All lines holding the string "subseteq" should be copied from the data below.

Collected data entries:
+++
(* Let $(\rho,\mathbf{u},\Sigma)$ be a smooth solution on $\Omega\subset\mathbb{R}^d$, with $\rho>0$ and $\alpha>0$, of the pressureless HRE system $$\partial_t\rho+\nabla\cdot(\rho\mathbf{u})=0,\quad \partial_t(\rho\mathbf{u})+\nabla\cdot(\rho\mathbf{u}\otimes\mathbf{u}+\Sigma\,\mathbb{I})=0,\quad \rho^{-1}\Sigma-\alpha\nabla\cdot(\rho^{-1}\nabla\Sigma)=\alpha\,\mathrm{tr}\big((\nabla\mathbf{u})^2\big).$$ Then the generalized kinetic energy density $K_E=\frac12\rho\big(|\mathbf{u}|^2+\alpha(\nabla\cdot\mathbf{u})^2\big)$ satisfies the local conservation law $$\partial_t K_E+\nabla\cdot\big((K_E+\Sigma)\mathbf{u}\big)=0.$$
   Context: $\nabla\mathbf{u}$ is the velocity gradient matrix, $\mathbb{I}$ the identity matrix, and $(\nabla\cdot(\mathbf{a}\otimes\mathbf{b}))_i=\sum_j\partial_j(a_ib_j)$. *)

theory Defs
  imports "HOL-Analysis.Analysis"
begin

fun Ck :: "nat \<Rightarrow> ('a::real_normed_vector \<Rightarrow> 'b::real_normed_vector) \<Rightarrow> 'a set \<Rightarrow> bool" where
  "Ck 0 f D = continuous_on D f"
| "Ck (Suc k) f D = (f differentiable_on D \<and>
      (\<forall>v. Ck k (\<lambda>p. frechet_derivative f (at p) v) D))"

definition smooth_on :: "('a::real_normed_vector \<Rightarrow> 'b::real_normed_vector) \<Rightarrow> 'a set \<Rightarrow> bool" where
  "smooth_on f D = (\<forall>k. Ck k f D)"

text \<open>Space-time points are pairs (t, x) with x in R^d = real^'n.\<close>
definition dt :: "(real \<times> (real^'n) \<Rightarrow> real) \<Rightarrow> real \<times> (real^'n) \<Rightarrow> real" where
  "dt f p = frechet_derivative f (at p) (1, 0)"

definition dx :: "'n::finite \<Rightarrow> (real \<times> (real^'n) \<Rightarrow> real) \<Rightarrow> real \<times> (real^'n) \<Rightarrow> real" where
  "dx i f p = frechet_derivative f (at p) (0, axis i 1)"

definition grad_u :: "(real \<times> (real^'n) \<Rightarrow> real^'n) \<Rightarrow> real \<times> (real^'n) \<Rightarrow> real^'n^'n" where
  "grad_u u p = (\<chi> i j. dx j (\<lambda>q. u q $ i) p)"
+++
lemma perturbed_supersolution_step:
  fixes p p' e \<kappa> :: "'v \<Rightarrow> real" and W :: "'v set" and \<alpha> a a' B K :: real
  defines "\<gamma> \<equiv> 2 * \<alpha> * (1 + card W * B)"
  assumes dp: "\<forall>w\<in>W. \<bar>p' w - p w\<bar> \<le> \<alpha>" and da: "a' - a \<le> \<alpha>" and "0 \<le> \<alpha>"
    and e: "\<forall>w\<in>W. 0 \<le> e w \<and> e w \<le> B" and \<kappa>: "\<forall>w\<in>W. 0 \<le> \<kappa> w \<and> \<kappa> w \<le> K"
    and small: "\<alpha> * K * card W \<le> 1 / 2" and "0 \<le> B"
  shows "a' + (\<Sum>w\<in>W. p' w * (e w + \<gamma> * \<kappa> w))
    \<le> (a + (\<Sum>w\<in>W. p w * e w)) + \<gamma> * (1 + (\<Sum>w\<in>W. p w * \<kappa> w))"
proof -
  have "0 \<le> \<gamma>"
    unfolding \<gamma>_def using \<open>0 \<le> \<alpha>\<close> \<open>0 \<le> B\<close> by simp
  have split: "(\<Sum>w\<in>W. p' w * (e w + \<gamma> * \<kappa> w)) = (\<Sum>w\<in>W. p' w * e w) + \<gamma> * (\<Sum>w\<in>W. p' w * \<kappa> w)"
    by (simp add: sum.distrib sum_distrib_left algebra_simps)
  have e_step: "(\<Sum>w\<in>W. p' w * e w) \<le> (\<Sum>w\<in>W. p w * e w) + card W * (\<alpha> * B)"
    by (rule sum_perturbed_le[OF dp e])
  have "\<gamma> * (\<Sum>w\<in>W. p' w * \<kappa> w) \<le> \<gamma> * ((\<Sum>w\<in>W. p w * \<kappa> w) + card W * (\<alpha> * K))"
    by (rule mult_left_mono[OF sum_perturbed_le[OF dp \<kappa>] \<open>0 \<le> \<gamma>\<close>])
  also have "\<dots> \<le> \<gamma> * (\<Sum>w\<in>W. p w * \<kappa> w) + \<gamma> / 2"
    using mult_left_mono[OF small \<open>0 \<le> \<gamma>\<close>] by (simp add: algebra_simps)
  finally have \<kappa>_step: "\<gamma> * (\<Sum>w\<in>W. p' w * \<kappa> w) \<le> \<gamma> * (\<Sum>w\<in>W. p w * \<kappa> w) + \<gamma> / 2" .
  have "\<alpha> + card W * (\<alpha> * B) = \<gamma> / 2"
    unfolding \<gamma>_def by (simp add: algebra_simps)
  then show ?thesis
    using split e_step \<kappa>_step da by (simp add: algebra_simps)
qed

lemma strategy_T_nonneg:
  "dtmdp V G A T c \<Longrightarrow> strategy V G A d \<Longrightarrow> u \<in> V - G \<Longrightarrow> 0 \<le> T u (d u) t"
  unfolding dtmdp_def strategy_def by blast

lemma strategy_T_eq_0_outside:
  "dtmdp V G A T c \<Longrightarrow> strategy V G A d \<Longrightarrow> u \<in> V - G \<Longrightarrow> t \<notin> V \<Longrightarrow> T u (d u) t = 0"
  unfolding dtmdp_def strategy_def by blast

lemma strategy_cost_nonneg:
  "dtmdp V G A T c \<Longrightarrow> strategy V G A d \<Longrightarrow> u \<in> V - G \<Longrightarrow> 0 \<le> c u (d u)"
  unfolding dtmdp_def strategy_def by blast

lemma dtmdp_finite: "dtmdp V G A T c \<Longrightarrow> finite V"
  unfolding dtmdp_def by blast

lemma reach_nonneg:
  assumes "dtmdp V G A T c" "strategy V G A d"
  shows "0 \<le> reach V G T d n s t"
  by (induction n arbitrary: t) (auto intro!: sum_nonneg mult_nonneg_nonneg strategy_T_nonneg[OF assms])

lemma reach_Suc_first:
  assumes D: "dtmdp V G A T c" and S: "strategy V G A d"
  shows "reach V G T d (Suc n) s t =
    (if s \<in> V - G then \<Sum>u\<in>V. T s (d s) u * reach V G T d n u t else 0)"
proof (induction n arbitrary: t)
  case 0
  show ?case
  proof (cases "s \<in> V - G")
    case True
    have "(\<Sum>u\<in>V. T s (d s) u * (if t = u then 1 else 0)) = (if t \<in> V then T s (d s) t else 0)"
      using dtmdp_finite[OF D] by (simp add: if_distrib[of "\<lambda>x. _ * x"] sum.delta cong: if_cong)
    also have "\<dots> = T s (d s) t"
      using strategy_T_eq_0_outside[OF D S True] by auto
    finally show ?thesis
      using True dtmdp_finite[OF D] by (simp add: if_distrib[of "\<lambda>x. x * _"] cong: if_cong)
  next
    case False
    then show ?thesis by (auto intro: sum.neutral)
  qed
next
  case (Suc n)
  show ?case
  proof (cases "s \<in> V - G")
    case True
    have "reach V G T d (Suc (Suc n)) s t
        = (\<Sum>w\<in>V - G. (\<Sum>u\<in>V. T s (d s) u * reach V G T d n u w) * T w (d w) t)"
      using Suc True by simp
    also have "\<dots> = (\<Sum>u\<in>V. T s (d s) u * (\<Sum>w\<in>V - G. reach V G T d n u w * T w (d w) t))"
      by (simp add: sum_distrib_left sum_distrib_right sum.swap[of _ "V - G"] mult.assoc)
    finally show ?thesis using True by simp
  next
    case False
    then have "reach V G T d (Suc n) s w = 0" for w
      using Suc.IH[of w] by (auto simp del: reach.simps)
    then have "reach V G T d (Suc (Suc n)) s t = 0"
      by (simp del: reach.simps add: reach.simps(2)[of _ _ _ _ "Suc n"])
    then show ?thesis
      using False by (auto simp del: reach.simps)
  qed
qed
+++
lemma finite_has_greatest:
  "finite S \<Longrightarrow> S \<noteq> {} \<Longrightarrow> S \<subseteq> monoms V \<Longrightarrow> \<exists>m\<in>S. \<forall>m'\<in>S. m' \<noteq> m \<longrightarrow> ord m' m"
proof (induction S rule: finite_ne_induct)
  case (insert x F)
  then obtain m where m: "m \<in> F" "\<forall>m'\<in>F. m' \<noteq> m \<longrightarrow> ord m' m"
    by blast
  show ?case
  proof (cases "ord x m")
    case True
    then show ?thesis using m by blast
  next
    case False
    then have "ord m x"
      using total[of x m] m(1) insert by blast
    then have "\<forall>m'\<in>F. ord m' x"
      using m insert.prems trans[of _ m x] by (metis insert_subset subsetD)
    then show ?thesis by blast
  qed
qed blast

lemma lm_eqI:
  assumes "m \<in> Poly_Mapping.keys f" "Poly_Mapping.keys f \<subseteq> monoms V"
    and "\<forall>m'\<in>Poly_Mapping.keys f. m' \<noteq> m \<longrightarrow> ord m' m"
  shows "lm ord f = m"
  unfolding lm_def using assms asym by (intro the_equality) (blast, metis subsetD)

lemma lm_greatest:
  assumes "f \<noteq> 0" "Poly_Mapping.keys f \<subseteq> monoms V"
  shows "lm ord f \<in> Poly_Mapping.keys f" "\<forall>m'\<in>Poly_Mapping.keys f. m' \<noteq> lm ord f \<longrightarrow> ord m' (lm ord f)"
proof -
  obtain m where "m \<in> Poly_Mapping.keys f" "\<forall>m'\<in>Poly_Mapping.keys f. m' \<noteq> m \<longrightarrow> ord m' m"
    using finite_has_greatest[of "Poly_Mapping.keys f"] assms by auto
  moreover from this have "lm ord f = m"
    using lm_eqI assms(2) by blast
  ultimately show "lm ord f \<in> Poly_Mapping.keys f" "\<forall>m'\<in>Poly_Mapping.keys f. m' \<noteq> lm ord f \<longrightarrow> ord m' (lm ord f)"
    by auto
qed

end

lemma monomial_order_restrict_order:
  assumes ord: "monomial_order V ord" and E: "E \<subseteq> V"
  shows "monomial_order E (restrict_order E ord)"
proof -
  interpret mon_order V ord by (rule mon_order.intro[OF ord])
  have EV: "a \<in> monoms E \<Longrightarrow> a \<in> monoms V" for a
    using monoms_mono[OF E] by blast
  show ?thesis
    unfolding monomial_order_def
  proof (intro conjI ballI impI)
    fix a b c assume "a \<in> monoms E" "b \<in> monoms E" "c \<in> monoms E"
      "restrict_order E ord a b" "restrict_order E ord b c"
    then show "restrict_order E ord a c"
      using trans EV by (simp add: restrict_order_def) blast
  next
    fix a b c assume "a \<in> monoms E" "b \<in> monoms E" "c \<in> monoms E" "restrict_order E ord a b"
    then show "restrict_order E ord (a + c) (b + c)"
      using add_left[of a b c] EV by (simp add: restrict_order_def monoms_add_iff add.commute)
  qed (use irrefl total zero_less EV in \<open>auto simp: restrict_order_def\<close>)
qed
+++
Exercise response ::
  "finite S \<Longrightarrow> S \<noteq> {} \<Longrightarrow> S \<subseteq> monoms V \<Longrightarrow> \<exists>m\<in>S. \<forall>m'\<in>S. m' \<noteq> m \<longrightarrow> ord m' m"
  assumes "m \<in> Poly_Mapping.keys f" "Poly_Mapping.keys f \<subseteq> monoms V"
  assumes "f \<noteq> 0" "Poly_Mapping.keys f \<subseteq> monoms V"
  assumes ord: "monomial_order V ord" and E: "E \<subseteq> V"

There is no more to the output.